Lire aussi. La nomination inattendue de l’historien Pap Ndiaye à l’Education nationale

Pap Ndiaye fera donc face à une profession « en crise ». Une crise qui s’illustre notamment par la perte d’attractivité de la profession et par les difficultés de recrutement. Les résultats du Capes tombés début mai sont alarmants.

Crise des recrutements : pallier le manque de nouvelles recrues

Pour les mathématiques : sur les 1 035 postes disponibles, seuls 816 candidats sont admissibles. En lettres modernes, on compte 720 candidats admissibles pour 755 postes et 83 pour 215 postes en allemand. Fait plus rare, ces carences se font aussi ressentir dans le premier degré : 521 candidats sont admissibles dans l’académie de Versailles pour 1 430 postes, 484 pour 1 079 postes dans celle de Créteil, 180 pour 219 à Paris.

« Même dans le premier degré, on va devoir recourir à des contractuels », s’inquiète Jean-Rémi Girard du SNALC. Cette crise tient pour partie à la réforme des concours d’entrée dans la profession. L’année passée, il fallait un master 1 pour se présenter au concours du Capes alors qu’il faut désormais un master 2. « En master 2, les étudiants doivent rendre un mémoire, faire une alternance et préparer le concours », souligne Jean-Rémi Girard. Un parcours fastidieux qui débouche sur un stage rémunéré « moins de 1 500 euros ».

La rentrée prochaine risque donc d’être extrêmement compliquée, surtout les académies en tension. « Le ministère doit prendre des engagements. Il faut au moins que l’on puisse fidéliser les contractuels », plaide Bruno Bobkiewicz.

Enseignement : une attractivité en berne

Cette pénurie de personnel met encore en lumière le problème structurel du peu d’attractivité de la profession. La rémunération y joue pour beaucoup : un enseignant français gagne 7 % de moins par rapport à la moyenne de l’OCDE en début de carrière, et 20 % après 10 à 15 ans d’ancienneté. Lors de sa campagne éclair le président de la République a promis de faire de l’Education l’un des chantiers « immenses » de son quinquennat avec la santé. Il s’est engagé à investir 6 milliards d’euros sur la masse salariale promettant une augmentation « inconditionnelle » d’environ 10 % des salaires « pour faire en sorte qu’aucun professeur ne gagne moins de 2000 euros nets par mois ».

Mais le président de la République a également évoqué un « salaire au mérite » basé sur le « travailler plus pour gagner plus ». Pour mécontenter un peu plus les syndicats, Emmanuel Macron a évoqué un supposé « syndrome de la salle des profs où celui qui se démène est parfois moqué par celui qui fait le minimum syndical ».
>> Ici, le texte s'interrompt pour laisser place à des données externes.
lemma rtranclp_adj_imp_path:
  assumes "(adj E)\<^sup>*\<^sup>* u v"
  shows "\<exists>xs. xs \<noteq> [] \<and> hd xs = u \<and> last xs = v \<and> distinct xs \<and> walk E xs \<and>
           set xs \<subseteq> insert u (\<Union>E)"
  using assms
proof (induction rule: rtranclp_induct)
  case base
  show ?case by (intro exI[of _ "[u]"]) (simp add: walk_def)
next
  case (step y z)
  then obtain xs where xs: "xs \<noteq> []" "hd xs = u" "last xs = y" "distinct xs" "walk E xs"
    "set xs \<subseteq> insert u (\<Union>E)" by blast
  have yz: "{y, z} \<in> E" using step.hyps(2) by (simp add: adj_def)
  show ?case
  proof (cases "z \<in> set xs")
    case True
    then obtain k where k: "k < length xs" "xs ! k = z" by (auto simp: in_set_conv_nth)
    let ?ys = "take (k + 1) xs"
    have "?ys \<noteq> []" "hd ?ys = u" "distinct ?ys" using xs(1,2,4) by (simp_all add: hd_take)
    moreover have "last ?ys = z" using k by (simp add: take_Suc_conv_app_nth)
    moreover have "set ?ys \<subseteq> insert u (\<Union>E)" using set_take_subset xs(6) by (rule order_trans)
    moreover have "walk E ?ys" using xs(5) by (rule walk_take)
    ultimately show ?thesis by blast
  next
    case False
    have "set (xs @ [z]) \<subseteq> insert u (\<Union>E)" using xs(6) yz by auto
    moreover have "walk E (xs @ [z])" using walk_snoc[OF xs(5,1)] xs(3) yz by simp
    ultimately show ?thesis using xs(1,2,4) False by (intro exI[of _ "xs @ [z]"]) simp
  qed
qed

lemma symp_adj: "symp (adj E)"
  unfolding symp_def adj_def by (metis insert_commute)

lemma simple_graph_edge_subset:
  assumes "simple_graph V E" "e \<in> E"
  shows "e \<subseteq> V"
proof -
  obtain u v where "u \<in> V" "v \<in> V" "e = {u, v}" using assms unfolding simple_graph_def by blast
  then show ?thesis by simp
qed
Au regard de ces déclarations, Guislaine David (SNUipp-FSU) ne se fait pas trop d’illusions sur le nouveau chantier de ce quinquennat mais elle attend, a minima, un changement de méthode, « l’école a besoin de sérénité ». Jean-Rémi Girard attend lui aussi que le nouveau ministre « prenne davantage en compte (leur) avis ». Pap Ndiaye arrive donc avec de nombreux défis à relever. « Nous jugerons sur pièce », prévient Jean-Rémi Girard (SNALC).